Layered Performance Analysis of TLS 1.3 Handshakes: Classical, Hybrid, and Pure Post-Quantum Key Exchange
This addresses performance concerns for network security practitioners implementing post-quantum cryptography, but it is incremental as it focuses on laboratory testing of existing algorithms.
The paper tackled the performance impact of post-quantum cryptography (PQC) algorithms on TLS 1.3 handshakes across multiple network layers, finding specific effects at each stage through statistical analysis of over thirty experiments with up to 100 transactions per second.

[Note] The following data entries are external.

lemma large_subset_not_tree_shattered:
  fixes \<alpha> \<epsilon> M :: real
  assumes "\<alpha> > 0" "\<epsilon> \<le> 2" "finite Y" "0 \<le> M" "x \<in> X" and bounded: "\<forall>y\<in>Y. \<bar>A x y\<bar> \<le> M"
    and not_shattered: "\<not> tree_shattered \<alpha> X Y A (Suc n)"
    and spread: "\<forall>v\<in>{-M..M}. \<not> concentrated_near \<epsilon> (2 * \<alpha>) A Y x v"
  shows "\<exists>Y'\<subseteq>Y. \<not> tree_shattered \<alpha> X Y' A n \<and> \<epsilon> * card Y / 2 \<le> card Y'"
proof (cases "tree_shattered \<alpha> X Y A n")
  case False
  have "\<epsilon> * card Y \<le> 2 * card Y" using \<open>\<epsilon> \<le> 2\<close> by (simp add: mult_right_mono)
  with False show ?thesis by (intro exI[of _ Y]) auto
next
  case True
  define side where "side w h = {y\<in>Y. on_side \<alpha> A (x, w) h y}" for w h
  define P where "P w \<longleftrightarrow> \<not> tree_shattered \<alpha> X (side w True) A n" for w
  have below: "\<not> tree_shattered \<alpha> X (side w False) A n" if "\<not> P w" for w
    using that not_shattered tree_shattered_SucI[OF \<open>x \<in> X\<close>] unfolding P_def side_def by blast
  have "P w'" if "P w" "w \<le> w'" for w w'
  proof -
    have "side w' True \<subseteq> side w True" using \<open>w \<le> w'\<close> by (auto simp: side_def on_side_def)
    then show ?thesis using \<open>P w\<close> tree_shattered_mono unfolding P_def by blast
  qed
  moreover have "P M"
  proof -
    have "side M True = {}" using bounded \<open>\<alpha> > 0\<close> by (force simp: side_def on_side_def)
    then show ?thesis
      using shatters_card[OF \<open>\<alpha> > 0\<close> finite.emptyI] unfolding P_def tree_shattered_def by force
  qed
  moreover have "\<not> P (- M - \<alpha> / 2)"
  proof -
    have "side (- M - \<alpha> / 2) True = Y" using bounded by (force simp: side_def on_side_def)
    then show ?thesis using True unfolding P_def by simp
  qed
  ultimately obtain s where s: "s \<in> {- M - \<alpha> / 2..M}" "\<forall>w>s. P w" "\<forall>w<s. \<not> P w"
    using threshold_of_upward_closed by blast
  define v where "v = max (- M) s"
  define up where "up = side (v + 3 * \<alpha> / 2) True"
  define down where "down = side (v - 3 * \<alpha> / 2) False"
  have v: "v \<in> {-M..M}" using s(1) \<open>0 \<le> M\<close> by (auto simp: v_def)
  have small_up: "\<not> tree_shattered \<alpha> X up A n"
    using s(2) \<open>\<alpha> > 0\<close> unfolding P_def up_def v_def by force
  have small_down: "\<not> tree_shattered \<alpha> X down A n"
    using s(1,3) \<open>\<alpha> > 0\<close> below unfolding down_def v_def by force
  define far where "far = {y\<in>Y. 2 * \<alpha> \<le> \<bar>A x y - v\<bar>}"
  obtain T where "shatters \<alpha> Y A n T" using True unfolding tree_shattered_def by blast
  then have "2 ^ n \<le> card Y" by (rule shatters_card[OF \<open>\<alpha> > 0\<close> \<open>finite Y\<close>])
  then have "card Y > 0" by (rule less_le_trans[rotated]) simp
  moreover have "\<not> concentrated_near \<epsilon> (2 * \<alpha>) A Y x v" using spread v by blast
  ultimately have "\<epsilon> * card Y < card far"
    by (simp add: concentrated_near_def far_def pos_divide_le_eq)
  also have "card far \<le> card (up \<union> down)"
    using \<open>finite Y\<close> by (intro card_mono) (auto simp: far_def up_def down_def side_def on_side_def)
  also have "\<dots> \<le> card up + card down" by (rule card_Un_le)
  finally have "\<epsilon> * card Y / 2 \<le> card up \<or> \<epsilon> * card Y / 2 \<le> card down" by linarith
  then show ?thesis
  proof
    assume "\<epsilon> * card Y / 2 \<le> card up"
    with small_up show ?thesis by (intro exI[of _ up]) (auto simp: up_def side_def)
  next
    assume "\<epsilon> * card Y / 2 \<le> card down"
    with small_down show ?thesis by (intro exI[of _ down]) (auto simp: down_def side_def)
  qed
qed

lemma concentrated_subset_of_bounded_Ldim:
  fixes \<alpha> \<epsilon> M :: real
  assumes "\<alpha> > 0" "0 < \<epsilon>" "\<epsilon> \<le> 2" "0 \<le> M"
    and "finite Y" "\<forall>x\<in>X. \<forall>y\<in>Y. \<bar>A x y\<bar> \<le> M" "\<not> tree_shattered \<alpha> X Y A (Suc n)"
  shows "\<exists>S\<subseteq>Y. card Y * (\<epsilon> / 2) ^ n \<le> card S
    \<and> (\<forall>x\<in>X. \<exists>v\<in>{-M..M}. concentrated_near \<epsilon> (2 * \<alpha>) A S x v)"
  using assms(5-7)
proof (induction n arbitrary: Y)
  case 0
  have "\<exists>v\<in>{-M..M}. concentrated_near \<epsilon> (2 * \<alpha>) A Y x v" if "x \<in> X" for x
  proof (rule ccontr)
    assume "\<not> ?thesis"
    then have spread: "\<forall>v\<in>{-M..M}. \<not> concentrated_near \<epsilon> (2 * \<alpha>) A Y x v" by blast
    have "\<forall>y\<in>Y. \<bar>A x y\<bar> \<le> M" using "0.prems"(2) that by blast
    from large_subset_not_tree_shattered[OF assms(1,3) "0.prems"(1) assms(4) that this "0.prems"(3) spread]
    obtain Y' where "\<not> tree_shattered \<alpha> X Y' A 0" "\<epsilon> * card Y / 2 \<le> card Y'" by blast
    then have "card Y = 0" using \<open>0 < \<epsilon>\<close> by (auto simp: tree_shattered_0_iff mult_le_0_iff)
    then have "Y = {}" using "0.prems"(1) by simp
    moreover have "(0::real) \<in> {-M..M}" using \<open>0 \<le> M\<close> by simp
    ultimately show False
      using spread concentrated_near_empty[of \<epsilon> "2 * \<alpha>" A x 0] \<open>0 < \<epsilon>\<close> by simp
  qed
  then show ?case by (intro exI[of _ Y]) simp
next
  case (Suc n)
  show ?case
  proof (cases "\<forall>x\<in>X. \<exists>v\<in>{-M..M}. concentrated_near \<epsilon> (2 * \<alpha>) A Y x v")
    case True
    have "(\<epsilon> / 2) ^ Suc n \<le> 1" using assms(2,3) by (intro power_le_one) simp_all
    then have "card Y * (\<epsilon> / 2) ^ Suc n \<le> card Y" by (rule mult_left_le) simp
    with True show ?thesis by (intro exI[of _ Y]) simp
  next
    case False
    then obtain x where x: "x \<in> X"
      and spread: "\<forall>v\<in>{-M..M}. \<not> concentrated_near \<epsilon> (2 * \<alpha>) A Y x v" by blast
    have "\<forall>y\<in>Y. \<bar>A x y\<bar> \<le> M" using Suc.prems(2) x by blast
    from large_subset_not_tree_shattered[OF assms(1,3) Suc.prems(1) assms(4) x this Suc.prems(3) spread]
    obtain Y' where Y': "Y' \<subseteq> Y" "\<not> tree_shattered \<alpha> X Y' A (Suc n)" "\<epsilon> * card Y / 2 \<le> card Y'"
      by blast
    have "finite Y'" "\<forall>x\<in>X. \<forall>y\<in>Y'. \<bar>A x y\<bar> \<le> M"
      using Y'(1) Suc.prems(1,2) finite_subset by blast+
    from Suc.IH[OF this Y'(2)] obtain S where S: "S \<subseteq> Y'" "card Y' * (\<epsilon> / 2) ^ n \<le> card S"
      "\<forall>x\<in>X. \<exists>v\<in>{-M..M}. concentrated_near \<epsilon> (2 * \<alpha>) A S x v"
      by blast
    have "card Y * (\<epsilon> / 2) ^ Suc n = (\<epsilon> * card Y / 2) * (\<epsilon> / 2) ^ n" by simp
    also have "\<dots> \<le> card Y' * (\<epsilon> / 2) ^ n"
      using Y'(3) assms(2) by (intro mult_right_mono) simp_all
    also have "\<dots> \<le> card S" by (rule S(2))
    finally show ?thesis using S(1,3) Y'(1) by (intro exI[of _ S]) simp
  qed
qed

lemma concentrated_subset_of_bounded_Ldim_ceiling:
  fixes \<alpha> \<epsilon> M :: real
  assumes "\<alpha> > 0" "0 < \<epsilon>" "\<epsilon> \<le> 1" "0 < M"
    and "finite Y" and bounded: "\<forall>x\<in>X. \<forall>y\<in>Y. \<bar>A x y\<bar> \<le> M"
    and not_shattered: "\<not> tree_shattered \<alpha> X Y A (Suc d)"
  shows "\<exists>S\<subseteq>Y. card Y * (\<epsilon> / \<lceil>2 * M / \<alpha>\<rceil>) ^ d \<le> card S
    \<and> (\<forall>x\<in>X. \<exists>v\<in>{-M..M}. concentrated_near \<epsilon> (2 * \<alpha>) A S x v)"
proof (cases "2 * M \<le> \<alpha>")
  case True
  then have "\<lceil>2 * M / \<alpha>\<rceil> = 1" using assms(1,4) by (simp add: ceiling_eq_iff field_simps)
  moreover have "\<epsilon> ^ d \<le> 1" using assms(2,3) by (intro power_le_one) simp_all
  then have "card Y * \<epsilon> ^ d \<le> card Y" by (rule mult_left_le) simp
  moreover have "\<forall>x\<in>X. \<exists>v\<in>{-M..M}. concentrated_near \<epsilon> (2 * \<alpha>) A Y x v"
  proof
    fix x assume "x \<in> X"
    have "concentrated_near \<epsilon> (2 * \<alpha>) A Y x 0"
    proof (rule concentrated_near_if_close)
      show "\<bar>A x y - 0\<bar> < 2 * \<alpha>" if "y \<in> Y" for y
        using bounded \<open>x \<in> X\<close> that True assms(1) by fastforce
    qed (use assms(2) in simp)
    then show "\<exists>v\<in>{-M..M}. concentrated_near \<epsilon> (2 * \<alpha>) A Y x v"
      using assms(4) by (intro bexI[of _ 0]) simp_all
  qed
  ultimately show ?thesis by (intro exI[of _ Y]) simp
next
  case False
  then have "2 \<le> \<lceil>2 * M / \<alpha>\<rceil>" using assms(1) by (simp add: le_ceiling_iff field_simps)
  then have "(\<epsilon> / \<lceil>2 * M / \<alpha>\<rceil>) ^ d \<le> (\<epsilon> / 2) ^ d"
    using assms(2) by (intro power_mono divide_left_mono) auto
  then have "card Y * (\<epsilon> / \<lceil>2 * M / \<alpha>\<rceil>) ^ d \<le> card Y * (\<epsilon> / 2) ^ d"
    by (rule mult_left_mono) simp
  moreover obtain S where "S \<subseteq> Y" "card Y * (\<epsilon> / 2) ^ d \<le> card S"
    "\<forall>x\<in>X. \<exists>v\<in>{-M..M}. concentrated_near \<epsilon> (2 * \<alpha>) A S x v"
    using concentrated_subset_of_bounded_Ldim[OF assms(1,2) _ _ assms(5) bounded not_shattered]
      assms(3,4) by auto
  ultimately show ?thesis by (intro exI[of _ S]) auto
qed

In this paper, we present a laboratory study focused on the impact of post-quantum cryptography (PQC) algorithms on multiple layers of stateful HTTP over TLS transactions: the TCP handshake, the intermediate TCP-TLS layer, the TLS handshake, the intermediate TLS layer, and the HTTP application layer. To this end, we propose a laboratory architecture that emulates a real-world setup in which a load test of up to 100 transactions per second is sent to a load balancer, which in turn forwards them to a backend server that returns the responses. Each set of tests is executed using the TLS 1.3 key exchange groups as follows: traditional (or non-PQC), hybrid PQC and pure PQC. Each set of tests also varied the backend response size. Across more than thirty experiments, we performed data reduction and statistical analysis for each layer, to determine the specific impact of each algorithm (PQC and traditional) at every stage of the HTTP-over-TLS transaction.